А там была потом гимназия и первые революционные кружки. Она работала среди шахтеров, пивших и в будни, и особенно по праздникам, когда без поножовщины и пьяных убийств дело не обходилось, беспрестанно дравшихся друг с другом, бивших своих жен и детей. Раньше она боялась этой грубой жизни, потому что навсегда запомнила этого страшного гаучо, грубого варвара, но теперь, когда она стала марксисткой и прочитала работу Энгельса «О положении рабочего класса в Англии», она поняла, что дело не в том, каков тот или иной рабочий, ибо в его недостатках виноват буржуазный строй, а в том, что за осознавшим свою миссию рабочим классом — будущее. И она смело ходила преподавать в рабочие кружки, где сознательные рабочие не позволяли пьяным хулиганам, забредавшим на занятия, обижать барышню и провожали ее вечерами до дома, в котором она снимала квартиру. А она звонким голосом объясняла им по дороге, что необходимо бороться за свои права, что им принадлежит будущее, что именно они построят бесклассовое общество. При непосредственном наблюдении рабочего класса, — говорила она с важностью, подняв кверху палец, невольно повторяя жест отца, — фиксации его непосредственных требований, нельзя порой увидеть, что именно рабочий класс призван преобразовать общество. Для того, чтобы это увидеть, нужно было совершить научное открытие, перейти от явления к сущности, выйти за пределы непосредственно данного, иными словами, совершить скачок в познании. Неважно, в чем в данный момент видит свою цель тот или иной пролетарий или весь пролетариат. А важно другое: что такое пролетариат на самом деле и что он сообразно этому своему бытию исторически будет вынужден делать. А они слушали благоговейно, цепенея как от малопонятных слов, о которых они не решались спросить, так и от присутствия чистенькой хорошенькой барышни. Это она поняла только потом, об этом ей рассказал ее первый муж, он был из пролетариев, его она тоже учила марксизму в кружке, и она была для него настоящей принцессой совсем из другой жизни.

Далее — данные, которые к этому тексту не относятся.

(* Let $\{M_n\}_{n\ge0}$ be an $\mathbb R^d$-valued martingale with respect to a filtration $\{\mathcal F_n\}$ with $\mathbb E[\|M_0\|^p]<\infty$, where $p>2$, and suppose there is a constant $\nu$ with $\mathbb E[\|M_{n+1}-M_n\|^p\mid\mathcal F_n]\le\nu$ for all $n\ge0$. Let $\tau=\inf\{n>0:\|M_n\|<n\}$, and for $k>0$ let $S_k=\inf\{j\ge0:\|M_j\|\ge k/3\}$ and $T_k=\inf\{j\ge0:\|M_{j+1}-M_j\|\ge k/3\}$. Let $0<r<p$. Then there exists a constant $\theta''$ (independent of $n$) such that for all $n\ge1$, $$\mathbb E\big[\|M_n\|^r\mathbf 1_{\{\tau>n\}}\mathbf 1_{\{S_n>T_n\}}\big]\le\frac{\theta''}{n^{p-r}}.$$
   Context: $\|\cdot\|$ denotes the Euclidean norm on $\mathbb R^d$. *)

theory Defs
  imports "HOL-Probability.Probability"
begin

definition filtration :: "'w measure \<Rightarrow> (nat \<Rightarrow> 'w measure) \<Rightarrow> bool" where
  "filtration M F \<longleftrightarrow> (\<forall>n. subalgebra M (F n)) \<and> (\<forall>n. sets (F n) \<subseteq> sets (F (Suc n)))"

definition martingale :: "'w measure \<Rightarrow> (nat \<Rightarrow> 'w measure) \<Rightarrow> (nat \<Rightarrow> 'w \<Rightarrow> 'a::euclidean_space) \<Rightarrow> bool" where
  "martingale M F X \<longleftrightarrow> filtration M F \<and>
     (\<forall>n. X n \<in> borel_measurable (F n)) \<and> (\<forall>n. integrable M (X n)) \<and>
     (\<forall>n. \<forall>b\<in>Basis. AE x in M. real_cond_exp M (F n) (\<lambda>y. X (Suc n) y \<bullet> b) x = X n x \<bullet> b)"

definition first_time :: "(nat \<Rightarrow> bool) \<Rightarrow> enat" where
  "first_time P = (if \<exists>j. P j then enat (LEAST j. P j) else \<infinity>)"

end

theory Submission
  imports Defs
begin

Да, именно в кружке она встретила своего первого мужа, отца Бетти. Она называла его мужем, хотя они не венчались, не из-за разницы религий, разумеется, им обоим было на это наплевать, а для свободы, и жили, как тогда называлось, в гражданском браке. Она всегда была выше предрассудков, если есть настоящая любовь. Ей было шестнадцать лет, а он был очень красив, высокий, широкоплечий, черноусый, немножко грубоват и резок, неотесан, но таким и должен быть настоящий пролетарий. А она всю себя принесла пролетариату и не боялась никаких условностей. К тому же ее первый муж физически чем-то напоминал того гаучо-убийцу, чей облик отпечатался в ее памяти и часто вспоминался ей со странным чувством магнетизма, он притягивал ее, хотелось как-то умилостивить его. Но это было, когда она была глупой девчонкой, потом это прошло. Хотя она и сейчас помнит его. Но никакого магнетизма нет. А еще ее муж походил на Горького, конечно, молодого Горького, чей литографированный портрет она однажды приобрела в книжной лавке, хотя живого так никогда и не видела. Когда они в поезде ехали до границы и выходили на станциях, его принимали за Горького, и молодежь устраивала ему овации. Она гордилась этим сходством, еще не подозревая, что в духовном плане он совершенное ничто. А Горький тогда как раз стал настоящим пролетарским писателем, перестал изображать босяков и написал роман «Мать», став родоначальником социалистического реализма, где жизнь изображается не как она есть, а в ее революционном развитии. Она тоже мать, и дети ее настоящие коммунисты…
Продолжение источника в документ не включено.